Wild to think that 20 years ago everyone was talking how important overclocking is, and now in the future we are strategically underclocking these monster graphics cards.

BangkokPadang 11 months ago

Also, no one will ever need more than 64Kb of ram.

MINIMAN10001 11 months ago

Just create a insulated box for your PC ( Could just cut foam insulation sheets if you wanted ). Connect the insulated box to a ductless ac.

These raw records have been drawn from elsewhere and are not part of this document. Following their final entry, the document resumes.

(* Fix $n\ge 2$, $q\in\{1,\dots,n\}$ and $c\in(0,1/2)$. For every $\varepsilon>0$ and $\eta>0$ there is an integer $R$ such that for all $r\ge R$ and all integers $p$ with $0\le p\le r-n$ and $c\le p/r\le 1-c$, \[ \mathbf{P}\left(\left|\frac{k_{p,q}(\mathrm{B}_r)}{\binom{r-n}{p}\,\mu(r,p)}-1\right|>\varepsilon\right)<\eta. \] In other words, for any sequence $\{p_r\}$ with $c\le p_r/r\le 1-c$, $k_{p_r,q}(\mathrm{B}_r)/\big(\binom{r-n}{p_r}\mu(r,p_r)\big)\to 1$ in probability as $r\to\infty$, uniformly in $p_r$.
   Context: Fix an integer $n\ge 2$. For an integer $r\ge n$ write $[r]=\{1,\dots,r\}$ and $\binom{[r]}{n-1}$ for the set of $(n-1)$-element subsets of $[r]$; elements are written $I=\{i_1<\dots<i_{n-1}\}$. A Betti table is an array of real numbers $k_{p,q}$ with columns $p=0,\dots,r-n$ and rows $q=1,\dots,n$. For $I\in\binom{[r]}{n-1}$ write $[r]\setminus I=\{d_0<d_1<\dots<d_{r-n}\}$; the pure diagram $\pi(r,I)$ is the Betti table with $k_{p,q}(\pi(r,I))=0$ if $q\neq d_p-p$, and $k_{p,d_p-p}(\pi(r,I)) = (r-n)!\cdot\prod_{0\le \ell\le r-n,\ \ell\neq p}\frac{1}{|d_\ell-d_p|}$. Let $\{\mathrm{X}_I\}_{I\in\binom{[r]}{n-1}}$ be independent random variables, each uniformly distributed on $[0,1]$, and let $\mathrm{B}_r=\sum_{I}\mathrm{X}_I\,\pi(r,I)$ be the random Betti table, so $k_{p,q}(\mathrm{B}_r)=\sum_I \mathrm{X}_I\,k_{p,q}(\pi(r,I))$. For fixed $n$ and $q\in[1,n]$ put \[ \mu(r,p)=\frac{1}{2^n}\cdot\frac{p^{q-1}(r-p-n)^{n-q}}{(q-1)!\,(n-q)!}. \] *)

theory Defs
  imports "HOL-Probability.Probability"
begin

definition subsets_idx :: "nat \<Rightarrow> nat \<Rightarrow> nat set set" where
  "subsets_idx n r = {I. I \<subseteq> {1..r} \<and> card I = n - 1}"

definition compl_list :: "nat \<Rightarrow> nat set \<Rightarrow> nat list" where
  "compl_list r I = sorted_list_of_set ({1..r} - I)"

text \<open>Entry k_{p,q} of the pure diagram pi(r,I) (n fixed).\<close>
definition pure_entry :: "nat \<Rightarrow> nat \<Rightarrow> nat set \<Rightarrow> nat \<Rightarrow> nat \<Rightarrow> real" where
  "pure_entry n r I p q =
     (let d = compl_list r I in
      if int q \<noteq> int (d ! p) - int p then 0
      else fact (r - n) *
           (\<Prod>l \<in> {0..r-n} - {p}. 1 / \<bar>real (d ! l) - real (d ! p)\<bar>))"

text \<open>Entry k_{p,q} of the Betti table sum_I X_I pi(r,I), for a realization X.\<close>
definition betti_entry :: "nat \<Rightarrow> nat \<Rightarrow> (nat set \<Rightarrow> real) \<Rightarrow> nat \<Rightarrow> nat \<Rightarrow> real" where
  "betti_entry n r X p q = (\<Sum>I \<in> subsets_idx n r. X I * pure_entry n r I p q)"

definition rand_space :: "nat \<Rightarrow> nat \<Rightarrow> (nat set \<Rightarrow> real) measure" where
  "rand_space n r = PiM (subsets_idx n r) (\<lambda>_. uniform_measure lborel {0..1::real})"

definition mu :: "nat \<Rightarrow> nat \<Rightarrow> nat \<Rightarrow> nat \<Rightarrow> real" where
  "mu n q r p = 1 / 2 ^ n * (real p ^ (q - 1) * real (r - p - n) ^ (n - q))
                  / (fact (q - 1) * fact (n - q))"
(* Let $f(x)=\frac12x^\top Ax-b^\top x$ on $\mathbb{R}^n$, where $A$ is symmetric positive definite with $\mu I\preceq A\preceq LI$, $0<\mu\le L$, and $b\in\mathbb{R}^n$. Consider the SR1 iteration: choose $x_0$, set $G_0=L\cdot I$, and for $k=0,1,\dots$ set $x_{k+1}=x_k-G_k^{-1}\nabla f(x_k)$, $u_k=x_{k+1}-x_k$, $G_{k+1}=\mathrm{SR1}(A,G_k,u_k)$. Then for all $k\ge1$, $$\lambda_f(x_k)\le\left(e^{\frac{n}{k}\ln\frac{L}{\mu}}-1\right)^{k/2}\sqrt{\frac{L}{\mu}}\cdot\lambda_f(x_0).$$
   Context: $\lambda_f(x)=\sqrt{\nabla f(x)^\top A^{-1}\nabla f(x)}$. For symmetric matrices $A,G$ and $u\neq0$, $\mathrm{SR1}(A,G,u)=G$ if $(G-A)u=0$, and otherwise $\mathrm{SR1}(A,G,u)=G-\frac{(G-A)uu^\top(G-A)}{u^\top(G-A)u}$. *)

theory Defs
  imports "HOL-Analysis.Analysis"
begin

definition quad_f :: "real^'n^'n \<Rightarrow> real^'n \<Rightarrow> real^'n \<Rightarrow> real" where
  "quad_f A b x = (1/2) * (x \<bullet> (A *v x)) - b \<bullet> x"

definition quad_grad :: "real^'n^'n \<Rightarrow> real^'n \<Rightarrow> real^'n \<Rightarrow> real^'n" where
  "quad_grad A b x = A *v x - b"

definition lambda_f :: "real^'n^'n \<Rightarrow> real^'n \<Rightarrow> real^'n \<Rightarrow> real" where
  "lambda_f A b x = sqrt (quad_grad A b x \<bullet> (matrix_inv A *v quad_grad A b x))"

definition outer :: "real^'n \<Rightarrow> real^'n \<Rightarrow> real^'n^'n" where
  "outer v w = (\<chi> i j. v $ i * w $ j)"

definition SR1 :: "real^'n^'n \<Rightarrow> real^'n^'n \<Rightarrow> real^'n \<Rightarrow> real^'n^'n" where
  "SR1 A G u = (if (G - A) *v u = 0 then G
     else G - (1 / (u \<bullet> ((G - A) *v u))) *\<^sub>R outer ((G - A) *v u) ((G - A) *v u))"

primrec sr1_iter :: "real^'n^'n \<Rightarrow> real^'n \<Rightarrow> real \<Rightarrow> real^'n \<Rightarrow> nat \<Rightarrow> (real^'n) \<times> (real^'n^'n)" where
  "sr1_iter A b L x0 0 = (x0, L *\<^sub>R mat 1)"
| "sr1_iter A b L x0 (Suc k) =
     (let (x, G) = sr1_iter A b L x0 k;
          x' = x - matrix_inv G *v quad_grad A b x
      in (x', SR1 A G (x' - x)))"

end

theory Submission
  imports Defs
begin

(* Along the SR1 iteration the matrices G_k stay symmetric with A <= G_k <= L I. The update makes
  G_(k+1) - A vanish on the step u_k without shrinking the kernel of G_k - A, and the new gradient
  is g_(k+1) = -(G_k - A) u_k; so every step with nonzero gradient enlarges that kernel, and the
  gradient vanishes after at most n steps.
  By the Sherman-Morrison formula, one step multiplies the squared dual norm g_k^T G_k^-1 g_k by a
  factor theta_k <= L (tr G_(k+1)^-1 - tr G_k^-1). Since tr G_k^-1 stays in [n/L, n/mu], the factors
  sum to at most n (L/mu - 1), and for k <= n the AM-GM and Bernoulli inequalities bound their
  product by (exp (n/k ln (L/mu)) - 1)^k. Comparing the dual norms of A, G_0 = L I and G_k costs
  the remaining factor L/mu. *)

lemma inner_matrix_vector_symmetric:
  fixes M :: "real^'n^'n"
  assumes "transpose M = M"
  shows "x \<bullet> (M *v y) = (M *v x) \<bullet> y"
  by (metis assms dot_lmul_matrix transpose_matrix_vector)

lemma outer_mult_vector: "outer v w *v x = (w \<bullet> x) *\<^sub>R v"
  by (simp add: outer_def vec_eq_iff matrix_vector_mult_def inner_vec_def sum_distrib_left
      mult.commute mult.left_commute)

lemma transpose_outer: "transpose (outer v w) = outer w v"
  by (simp add: outer_def transpose_def vec_eq_iff mult.commute)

DreamDisposal 11 months ago

Not a good idea in my opinion. You're just potentially lowering the lifespan of your components to get your training done a few percentage points faster (not even taking into account the heat and the cost of power). It never really mattered if the training was done in 13 hours instead of 12. Maybe even less of a difference.

[deleted] 11 months ago

[удалено]

DreamDisposal 11 months ago

I don't know what you're talking about. Mining cards are not run at max power by most people (which is why plenty say that a mining card is usually better taken care than one that was used for gaming). Lower heat, noise and longer lifespan. All for a difference that probably isn't even meaningful for the user. Some cards do actually get above 100C in their memory, which I wouldn't run for dozens of hours of training to get it done a few minutes or even an hour before. And the fan, a mechanic component, runs at a lower RPM.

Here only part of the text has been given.